=== Section Start ===

lemma letter_mult_nf_elem:
  assumes "valid [l]" "x \<in> normal_forms n"
  shows "cls [l] \<otimes>\<^bsub>G\<^esub> nf_elem x = nf_elem (NF.letter_act l x)"
proof -
  obtain y e where l: "l = (y, e)" by (cases l)
  have v: "valid [(y, True)]" and j: "gen_index y \<le> 2*n"
    using assms(1) l by (cases y; simp)+
  have pos: "cls [(y, True)] \<otimes>\<^bsub>G\<^esub> nf_elem z = nf_elem (NF.letter_act (y, True) z)"
    if "z \<in> normal_forms n" for z
    using A_mult_nf_elem[OF j that] by (simp add: cls_letter[OF v] NF.letter_act_def)
  show ?thesis
  proof (cases e)
    case False
    let ?z = "NF.letter_act (y, False) x"
    have "cls [(y, True)] \<otimes>\<^bsub>G\<^esub> nf_elem ?z = nf_elem x"
      using pos[OF NF.closed[OF assms(2)]] NF.inverse[OF assms(2), of y True] by simp
    then have "nf_elem ?z = inv\<^bsub>G\<^esub> cls [(y, True)] \<otimes>\<^bsub>G\<^esub> nf_elem x"
      using cls_carrier[OF v] by (simp add: inv_solve_left)
    then show ?thesis using l False cls_letter_inv[OF v] by simp
  qed (use pos[OF assms(2)] l in simp)
qed

lemma cls_mult_nf_elem:
  "valid u \<Longrightarrow> x \<in> normal_forms n \<Longrightarrow> cls u \<otimes>\<^bsub>G\<^esub> nf_elem x = nf_elem (word_act NF.letter_act u x)"
proof (induction u)
  case (Cons l u)
  have v: "valid [l]" "valid u" using Cons.prems by (cases l; simp)+
  have "cls (l # u) = cls [l] \<otimes>\<^bsub>G\<^esub> cls u" by (simp add: mult_cls)
  then have "cls (l # u) \<otimes>\<^bsub>G\<^esub> nf_elem x = cls [l] \<otimes>\<^bsub>G\<^esub> (cls u \<otimes>\<^bsub>G\<^esub> nf_elem x)"
    using v by (simp add: m_assoc cls_carrier)
  then show ?case
    using Cons letter_mult_nf_elem[OF _ NF.word_act_closed] by simp
qed (simp add: one_G[symmetric])

lemma empty_nf: "(0, []) \<in> normal_forms n"
  using n_ge_2 by (simp add: normal_forms_def)

lemma nf_elem_orbit: assumes "Z \<in> carrier G" shows "nf_elem (NF.act Z (0, [])) = Z"
proof -
  obtain u where u: "valid u" "Z = cls u" using assms by (auto simp: carrier_G)
  have "nf_elem (0, []) = \<one>\<^bsub>G\<^esub>" by (simp add: nf_elem_def)
  then have "cls u = nf_elem (word_act NF.letter_act u (0, []))"
    using cls_mult_nf_elem[OF u(1) empty_nf] cls_carrier[OF u(1)] by simp
  moreover have "NF.act Z (0, []) = word_act NF.letter_act u (0, [])"
    by (simp add: u(2) NF_act_cls empty_nf)
  ultimately show ?thesis by (simp add: u(2))
qed

lemma NF_act_P: "x \<in> normal_forms n \<Longrightarrow> NF.act P x = nf_p n x"
  unfolding P_cls cls_def using n_ge_2 by (intro NF.act_P_word) auto

lemma NF_act_W: "x \<in> normal_forms n \<Longrightarrow> NF.act W x = nf_w x"
  unfolding W_cls cls_def using n_ge_2 by (intro NF.act_W_word) auto

lemma NF_act_inv_P: assumes "x \<in> normal_forms n" shows "NF.act (inv\<^bsub>G\<^esub> P) x = nf_p' n x"
proof -
  interpret NF_action: group_action G "normal_forms n" NF.act by (rule group_action_normal_forms)
  have "NF.act (inv\<^bsub>G\<^esub> P) (NF.act P (nf_p' n x)) = nf_p' n x"
    using assms P_carrier NF.p'_closed by (intro NF_action.act_inv_cancel) auto
  then show ?thesis using assms by (simp add: NF_act_P NF.p'_closed NF.p_p')
qed

end

section \<open>Non-amenability and nondegeneracy\<close>

definition nf_starting :: "nat \<Rightarrow> nat \<Rightarrow> bool \<Rightarrow> nf set" where
  "nf_starting n i pos =
     {x \<in> normal_forms n. fst x = i \<and> snd x \<noteq> [] \<and> (0 < fst (hd (snd x)) \<longleftrightarrow> pos)}"

lemma nf_w_ping:
  assumes "x \<in> normal_forms n" "x \<notin> nf_starting n 0 False"
  shows "nf_w x \<in> nf_starting n 0 True"
proof -
  obtain i0 L where x: "x = (i0, L)" "i0 < n" "nf_tail n L"
    using assms(1) by (cases x) (auto simp: normal_forms_def)
  have "nf_w x \<in> normal_forms n"
    using free_product_action.w_closed[OF free_product_action_normal_forms assms(1)] .
  moreover have "fst (nf_w x) = 0 \<and> snd (nf_w x) \<noteq> [] \<and> 0 < fst (hd (snd (nf_w x)))"
  proof (cases "i0 = 0 \<and> L \<noteq> []")
    case True
    then obtain k i L' where L: "L = (k, i) # L'" by (cases L) auto
    then have "0 < k" using True x assms(2) by (auto simp: nf_starting_def normal_forms_def nf_tail_Cons)
    then show ?thesis using True x L by simp
  qed (use x in auto)
  ultimately show ?thesis by (simp add: nf_starting_def)
qed

lemma conjugate_ping:
  assumes "2 \<le> n" "x \<in> normal_forms n" "x \<notin> nf_starting n 1 False"
  shows "nf_p n (nf_w (nf_p' n x)) \<in> nf_starting n 1 True"
proof -
  interpret NF: free_product_action n "normal_forms n" "nf_p n" "nf_p' n" nf_w nf_w'
    by (rule free_product_action_normal_forms)
  obtain i0 L where x: "x = (i0, L)" "i0 < n" using assms(2) by (cases x) (auto simp: normal_forms_def)
  have "nf_p' n x \<notin> nf_starting n 0 False"
  proof (cases "i0 = 1")
    case True
    then show ?thesis using assms x by (auto simp: nf_starting_def)
  next
    case False
    have "(i0 + n - 1) mod n \<noteq> 0"
    proof (cases "i0 = 0")
      case False
      then have "(i0 + n - 1) mod n = i0 - 1" using x(2) by (simp add: mod_if)
      then show ?thesis using False \<open>i0 \<noteq> 1\<close> by simp
    qed (use assms(1) in simp)
    then show ?thesis using x by (simp add: nf_starting_def)
  qed
  then have "nf_w (nf_p' n x) \<in> nf_starting n 0 True"
    using assms(2) NF.p'_closed by (intro nf_w_ping) auto
  then obtain L where L: "nf_w (nf_p' n x) = (0, L)" "(0, L) \<in> normal_forms n" "L \<noteq> []"
    "0 < fst (hd L)" by (cases "nf_w (nf_p' n x)") (auto simp: nf_starting_def)
  moreover have "nf_p n (0, L) = (1, L)" using assms(1) by simp
  ultimately show ?thesis using NF.p_closed[OF L(2)] by (simp add: nf_starting_def)
qed

context Gamma_n
begin

lemma not_amenable_G: "\<not> amenable G"
proof -
  interpret NF_action: group_action G "normal_forms n" NF.act by (rule group_action_normal_forms)
  let ?t = "P \<otimes>\<^bsub>G\<^esub> W \<otimes>\<^bsub>G\<^esub> inv\<^bsub>G\<^esub> P"
  have t: "?t \<in> carrier G" using P_carrier W_carrier by simp
  have t_act: "NF.act ?t x = nf_p n (nf_w (nf_p' n x))" if "x \<in> normal_forms n" for x
    using that P_carrier W_carrier
    by (simp add: NF_action.composition_rule NF_act_inv_P NF_act_W NF_act_P NF.p'_closed NF.w_closed)
  have "NF.act W ` (normal_forms n - nf_starting n 0 False) \<subseteq> nf_starting n 0 True"
    using nf_w_ping by (auto simp: NF_act_W)
  moreover have "NF.act ?t ` (normal_forms n - nf_starting n 1 False) \<subseteq> nf_starting n 1 True"
    using conjugate_ping[OF n_ge_2] by (auto simp: t_act)
  moreover have "nf_starting n 0 True \<inter> nf_starting n 0 False = {}"
    "nf_starting n 1 True \<inter> nf_starting n 1 False = {}"
    "(nf_starting n 0 True \<union> nf_starting n 0 False) \<inter> (nf_starting n 1 True \<union> nf_starting n 1 False) = {}"
    "nf_starting n 0 True \<union> nf_starting n 0 False \<union> nf_starting n 1 True \<union> nf_starting n 1 False
       \<subseteq> normal_forms n"
    by (auto simp: nf_starting_def)
  ultimately show ?thesis
    by (intro NF_action.not_amenable_if_ping_pong[OF empty_nf W_carrier t])
qed

lemma A_orbit:
  assumes "j \<le> 2*n"
  shows "NF.act (A j) (0, []) = (if j = 0 then (0, []) else ((j - 1) div 2, [(1, (j - 1) mod 2)]))"
proof -
  have "NF.act (A j) (0, []) = NF.index_act j True (0, [])"
    by (simp add: A_def NF_act_cls empty_nf NF.letter_act_def)
  moreover have "(nf_p n ^^ k) (0, L) = (k, L)" if "k < n" for k L
    using that n_ge_2 by (simp add: nf_p_pow)
  moreover have "(j - 1) mod 2 < n" "(j - 1) div 2 < n" using assms n_ge_2 by auto
  ultimately show ?thesis using assms by (simp add: NF.index_act_def)
qed

lemma inj_on_A: "inj_on A {..2*n}"
proof
  fix i j assume ij: "i \<in> {..2*n}" "j \<in> {..2*n}" "A i = A j"
  then have "NF.act (A i) (0, []) = NF.act (A j) (0, [])" by simp
  then have key: "(if i = 0 then (0, []) else ((i - 1) div 2, [(1::int, (i - 1) mod 2)]))
    = (if j = 0 then (0, []) else ((j - 1) div 2, [(1, (j - 1) mod 2)]))"
    using ij A_orbit[of i] A_orbit[of j] by simp
  show "i = j"
  proof (cases "i = 0 \<or> j = 0")
    case False
    then have "(i - 1) div 2 = (j - 1) div 2" "(i - 1) mod 2 = (j - 1) mod 2" using key by auto
    then have "i - 1 = j - 1" by (metis div_mult_mod_eq)
    then show ?thesis using False by linarith
  qed (use key in \<open>auto split: if_splits\<close>)
qed

lemma nondegenerate_pi_n: "nondegenerate (2*n+1) (2*n+1) (pi_n n)"
proof -
  have "gen_a (2*n+1) (2*n+1) (pi_n n) j = A j" "gen_b (2*n+1) (2*n+1) (pi_n n) j = A j"
    if "j < 2*n+1" for j
    using that B_eq_A[of j] by (simp_all add: gen_a_def gen_b_def A_def cls_def)
  then show ?thesis using inj_on_A unfolding nondegenerate_def inj_on_def by auto
qed

end

section \<open>Residual finiteness\<close>

lemma funpow_cong_on:
  assumes "\<And>y. y \<in> S \<Longrightarrow> f y = g y" "\<And>y. y \<in> S \<Longrightarrow> g y \<in> S" "z \<in> S"
  shows "(f ^^ m) z = (g ^^ m) z"
proof -
  have "(f ^^ m) z = (g ^^ m) z \<and> (g ^^ m) z \<in> S"
    by (induction m) (simp_all add: assms)
  then show ?thesis ..
qed

lemma extend_inj_on_to_perm:
  assumes "finite Y" "inj_on f D" "D \<subseteq> Y" "f ` D \<subseteq> Y"
  shows "\<exists>g. bij_betw g Y Y \<and> (\<forall>x\<in>D. g x = f x)"
proof -
  have "card (Y - D) = card (Y - f ` D)"
    using assms by (simp add: card_Diff_subset finite_subset card_image)
  then obtain h where h: "bij_betw h (Y - D) (Y - f ` D)"
    using finite_same_card_bij assms(1) by (meson finite_Diff)
  define g where "g x = (if x \<in> D then f x else h x)" for x
  have "bij_betw g D (f ` D)"
    using assms(2) unfolding bij_betw_def g_def inj_on_def by auto
  moreover have "bij_betw g (Y - D) (Y - f ` D)"
    using h by (rule bij_betw_cong[THEN iffD1, rotated]) (auto simp: g_def)
  ultimately have "bij_betw g (D \<union> (Y - D)) (f ` D \<union> (Y - f ` D))"
    by (rule bij_betw_combine) blast
  moreover have "D \<union> (Y - D) = Y" "f ` D \<union> (Y - f ` D) = Y" using assms(3,4) by auto
  ultimately show ?thesis by (auto simp: g_def)
qed

definition nf_weight :: "nf \<Rightarrow> nat" where
  "nf_weight x = (\<Sum>c\<leftarrow>snd x. nat \<bar>fst c\<bar>)"

definition nf_ball :: "nat \<Rightarrow> nat \<Rightarrow> nf set" where
  "nf_ball n K = {x \<in> normal_forms n. nf_weight x \<le> K}"

lemma finite_nf_ball: "finite (nf_ball n K)"
proof -
  have bound: "length L \<le> (\<Sum>c\<leftarrow>L. nat \<bar>fst c\<bar>) \<and> (\<forall>c\<in>set L. nat \<bar>fst c\<bar> \<le> (\<Sum>c\<leftarrow>L. nat \<bar>fst c\<bar>) \<and> snd c < n)"
    if "nf_tail n L" for L
    using that by (induction L) (fastforce simp: nf_tail_Cons)+
  have "nf_ball n K \<subseteq> {..<n} \<times> {L. set L \<subseteq> {- int K .. int K} \<times> {..<n} \<and> length L \<le> K}"
  proof
    fix x assume x: "x \<in> nf_ball n K"
    then have "fst x < n" "nf_tail n (snd x)" "(\<Sum>c\<leftarrow>snd x. nat \<bar>fst c\<bar>) \<le> K"
      by (auto simp: nf_ball_def normal_forms_def nf_weight_def)
    then show "x \<in> {..<n} \<times> {L. set L \<subseteq> {- int K .. int K} \<times> {..<n} \<and> length L \<le> K}"
      using bound[of "snd x"] by (cases x) fastforce
  qed
  moreover have "finite ({..<n} \<times> {L. set L \<subseteq> {- int K .. int K} \<times> {..<n} \<and> length L \<le> K})"
    by (intro finite_cartesian_product finite_lists_length_le) auto
  ultimately show ?thesis by (rule finite_subset)
qed

text \<open>The normal form of \<open>w\<^sup>k r\<close> when \<open>r\<close> does not start with a power of \<open>w\<close>.\<close>
definition nf_cons :: "int \<Rightarrow> nf \<Rightarrow> nf" where
  "nf_cons k r = (if k = 0 then r else (0, (k, fst r) # snd r))"

definition w_free :: "nat \<Rightarrow> nf \<Rightarrow> bool" where
  "w_free n r \<longleftrightarrow> r \<in> normal_forms n \<and> (fst r \<noteq> 0 \<or> snd r = [])"

lemma nf_w_nf_cons: "w_free n r \<Longrightarrow> nf_w (nf_cons k r) = nf_cons (k + 1) r"
  by (cases r) (auto simp: nf_cons_def w_free_def)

=== Section End ===

- Prompt -
Repeat each line of the data above, exactly as it appears, from the first through the line that contains "then show ?case".

- Result of this exercise -
lemma letter_mult_nf_elem:
  assumes "valid [l]" "x \<in> normal_forms n"
  shows "cls [l] \<otimes>\<^bsub>G\<^esub> nf_elem x = nf_elem (NF.letter_act l x)"
proof -
  obtain y e where l: "l = (y, e)" by (cases l)
  have v: "valid [(y, True)]" and j: "gen_index y \<le> 2*n"
    using assms(1) l by (cases y; simp)+
  have pos: "cls [(y, True)] \<otimes>\<^bsub>G\<^esub> nf_elem z = nf_elem (NF.letter_act (y, True) z)"
    if "z \<in> normal_forms n" for z
    using A_mult_nf_elem[OF j that] by (simp add: cls_letter[OF v] NF.letter_act_def)
  show ?thesis
  proof (cases e)
    case False
    let ?z = "NF.letter_act (y, False) x"
    have "cls [(y, True)] \<otimes>\<^bsub>G\<^esub> nf_elem ?z = nf_elem x"
      using pos[OF NF.closed[OF assms(2)]] NF.inverse[OF assms(2), of y True] by simp
    then have "nf_elem ?z = inv\<^bsub>G\<^esub> cls [(y, True)] \<otimes>\<^bsub>G\<^esub> nf_elem x"
      using cls_carrier[OF v] by (simp add: inv_solve_left)
    then show ?thesis using l False cls_letter_inv[OF v] by simp
  qed (use pos[OF assms(2)] l in simp)
qed

lemma cls_mult_nf_elem:
  "valid u \<Longrightarrow> x \<in> normal_forms n \<Longrightarrow> cls u \<otimes>\<^bsub>G\<^esub> nf_elem x = nf_elem (word_act NF.letter_act u x)"
proof (induction u)
  case (Cons l u)
  have v: "valid [l]" "valid u" using Cons.prems by (cases l; simp)+
  have "cls (l # u) = cls [l] \<otimes>\<^bsub>G\<^esub> cls u" by (simp add: mult_cls)
  then have "cls (l # u) \<otimes>\<^bsub>G\<^esub> nf_elem x = cls [l] \<otimes>\<^bsub>G\<^esub> (cls u \<otimes>\<^bsub>G\<^esub> nf_elem x)"
    using v by (simp add: m_assoc cls_carrier)
  then show ?case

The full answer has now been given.